TASK PROMPT
In the listing that follows, locate the line containing "text \<open>K is" and the line containing "of codes) if". Retype exactly those two lines and every line between them, and nothing more.
╔══
(* Let $G$ be a $\sigma$-finite abelian group and fix an exhausting sequence $(G_n)_{n\geq 1}$ of $G$. Let $A\subset G$ and $B\subset G$ satisfy at least one of the following three hypotheses: \begin{enumerate} \item $\underline{\mathrm{d}}(A+B)< \underline{\mathrm{d}}(A)+\underline{\mathrm{d}}(B)$; \item $\overline{\mathrm{d}}(A+B)< \overline{\mathrm{d}}(A)+\overline{\mathrm{d}}(B)$, and $A=B$ or $A=-B$; \item $\overline{\mathrm{d}}(A+B)< \overline{\mathrm{d}}(A)+\underline{\mathrm{d}}(B)$. \end{enumerate} Then the subgroup $H=\mathrm{Stab}(A+B)$ has finite index $q=[G:H]$ in $G$, and $H$ admits a density, with $\mathrm{d}(H)=q^{-1}$. Moreover, if $a,b,c$ denote the numbers of cosets of $H$ in $G$ that meet $A$, $B$, $A+B$ respectively, then $c=a+b-1$.
   Context: A group $G$ is $\sigma$-finite if it is infinite and admits an exhausting sequence, i.e. a non-decreasing sequence $(G_n)_{n\ge1}$ of finite subgroups with $G=\bigcup_{n\ge1}G_n$. For $A\subset G$ (with respect to the fixed exhausting sequence) the lower and upper asymptotic densities are $\underline{\mathrm{d}}(A)=\liminf_{n\to\infty}\frac{|A\cap G_n|}{|G_n|}$ and $\overline{\mathrm{d}}(A)=\limsup_{n\to\infty}\frac{|A\cap G_n|}{|G_n|}$; if they coincide, $A$ is said to admit a density, and the common value is denoted $\mathrm{d}(A)$. For $X\subset G$, $\mathrm{Stab}(X)=\{g\in G: g+x\in X \text{ for all } x\in X\}$ is the stabilizer (period) of $X$. $A+B=\{a+b: a\in A, b\in B\}$ and $-B=\{-b: b\in B\}$. *)

theory Defs
  imports Complex_Main "HOL-Library.Extended_Real"
begin

definition is_subgroup :: "'a::ab_group_add set \<Rightarrow> bool" where
  "is_subgroup H \<longleftrightarrow> 0 \<in> H \<and> (\<forall>x\<in>H. \<forall>y\<in>H. x - y \<in> H)"

text \<open>Exhausting sequence of a sigma-finite abelian group (indexed from 0 instead of 1).\<close>
definition exhausting_seq :: "(nat \<Rightarrow> 'a::ab_group_add set) \<Rightarrow> bool" where
  "exhausting_seq Gs \<longleftrightarrow> (\<forall>n. finite (Gs n) \<and> is_subgroup (Gs n)) \<and> mono Gs
     \<and> (\<Union>n. Gs n) = UNIV"

definition sigma_finite_group :: "'a::ab_group_add itself \<Rightarrow> bool" where
  "sigma_finite_group _ \<longleftrightarrow> infinite (UNIV :: 'a set) \<and> (\<exists>Gs::nat \<Rightarrow> 'a set. exhausting_seq Gs)"

definition ratio :: "(nat \<Rightarrow> 'a set) \<Rightarrow> 'a set \<Rightarrow> nat \<Rightarrow> ereal" where
  "ratio Gs A n = ereal (real (card (A \<inter> Gs n)) / real (card (Gs n)))"
(* Let $\mathbb K$ be a computable zero-sum free commutative semiring (with $0\neq1$). Given a weighted nested word automaton $\mathcal A$ over $\mathbb K$, it is decidable whether $\|\mathcal A\|(nw)=0$ for all $nw\in\mathrm{NW}(\Delta)$.
   Context: Nested words: $\Delta$ finite alphabet. A nesting relation of width $n$ is a relation $\nu$ on $[n]$ with: $\nu(i,j)\Rightarrow i<j$; $\nu(i,j),\nu(i,j')\Rightarrow j=j'$ and $\nu(i,j),\nu(i',j)\Rightarrow i=i'$; $\nu(i,j),\nu(i',j'),i<i'\Rightarrow j<i'$ or $j'<j$. A nested word is $(w,\nu)$, $w=a_1\cdots a_n\in\Delta^+$, $\nu$ of width $n$; $\mathrm{NW}(\Delta)$ is their set. If $\nu(i,j)$, $i$ is a call and $j$ a return position; others are internal. WNWA over $\mathbb K$: $\mathcal A=(Q,\iota,\delta_{call},\delta_{int},\delta_{ret},\kappa)$, $Q$ finite, $\delta_{call},\delta_{int}:Q\times\Delta\times Q\to K$, $\delta_{ret}:Q\times Q\times\Delta\times Q\to K$, $\iota,\kappa:Q\to K$. A run on $(a_1\cdots a_n,\nu)$ is $(q_0,\dots,q_n)$; weight at $j$: $\delta_{call}(q_{j-1},a_j,q_j)$ for a call $j$, $\delta_{int}(q_{j-1},a_j,q_j)$ for internal $j$, $\delta_{ret}(q_{j-1},q_{i-1},a_j,q_j)$ if $\nu(i,j)$; run weight is the product. $\|\mathcal A\|(nw)=\sum_{(q_0..q_n)}\iota(q_0)\mathrm{wt}\,\kappa(q_n)$; series of this form are regular. $\mathbb K$ is zero-sum free if $a+b=0$ implies $a=b=0$; computable means elements are finitely representable and operations and equality are computable. *)

theory Defs
  imports Main "HOL-Library.Nat_Bijection"
begin

datatype recf = Z | S | Id nat | Cn recf "recf list" | Pr recf recf | Mn recf

inductive eval :: "recf \<Rightarrow> nat list \<Rightarrow> nat \<Rightarrow> bool" where
  eval_Z: "eval Z xs 0"
| eval_S: "eval S (x # xs) (Suc x)"
| eval_Id: "i < length xs \<Longrightarrow> eval (Id i) xs (xs ! i)"
| eval_Cn: "length ys = length gs \<Longrightarrow> (\<forall>k < length gs. eval (gs ! k) xs (ys ! k))
            \<Longrightarrow> eval f ys y \<Longrightarrow> eval (Cn f gs) xs y"
| eval_Pr0: "eval f xs y \<Longrightarrow> eval (Pr f g) (0 # xs) y"
| eval_PrS: "eval (Pr f g) (n # xs) y \<Longrightarrow> eval g (y # n # xs) z
            \<Longrightarrow> eval (Pr f g) (Suc n # xs) z"
| eval_Mn: "eval f (y # xs) 0 \<Longrightarrow> (\<forall>k < y. \<exists>v. eval f (k # xs) v \<and> 0 < v)
            \<Longrightarrow> eval (Mn f) xs y"

text \<open>K is computable w.r.t. an injective coding enc of its elements by natural
  numbers (finite representability; equality of elements then reduces to equality
  of codes) if addition and multiplication are computed by recursive programs.\<close>

definition computable_semiring :: "('k::comm_semiring_1 \<Rightarrow> nat) \<Rightarrow> bool" where
  "computable_semiring enc \<longleftrightarrow> inj enc \<and>
     (\<exists>p. \<forall>a b. eval p [enc a, enc b] (enc (a + b))) \<and>
     (\<exists>p. \<forall>a b. eval p [enc a, enc b] (enc (a * b)))"

definition zero_sum_free :: "'k::comm_semiring_1 itself \<Rightarrow> bool" where
  "zero_sum_free _ \<longleftrightarrow> (\<forall>a b :: 'k. a + b = 0 \<longrightarrow> a = 0 \<and> b = 0)"

definition nesting :: "nat \<Rightarrow> (nat \<times> nat) set \<Rightarrow> bool" where
  "nesting n \<nu> \<longleftrightarrow> \<nu> \<subseteq> {1..n} \<times> {1..n}
     \<and> (\<forall>i j. (i, j) \<in> \<nu> \<longrightarrow> i < j)
     \<and> (\<forall>i j j'. (i, j) \<in> \<nu> \<longrightarrow> (i, j') \<in> \<nu> \<longrightarrow> j = j')
     \<and> (\<forall>i i' j. (i, j) \<in> \<nu> \<longrightarrow> (i', j) \<in> \<nu> \<longrightarrow> i = i')
     \<and> (\<forall>i j i' j'. (i, j) \<in> \<nu> \<longrightarrow> (i', j') \<in> \<nu> \<longrightarrow> i < i' \<longrightarrow> j < i' \<or> j' < j)"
╚══
ANSWER FOR THIS EXERCISE
text \<open>K is computable w.r.t. an injective coding enc of its elements by natural
  numbers (finite representability; equality of elements then reduces to equality
  of codes) if addition and multiplication are computed by recursive programs.\<close>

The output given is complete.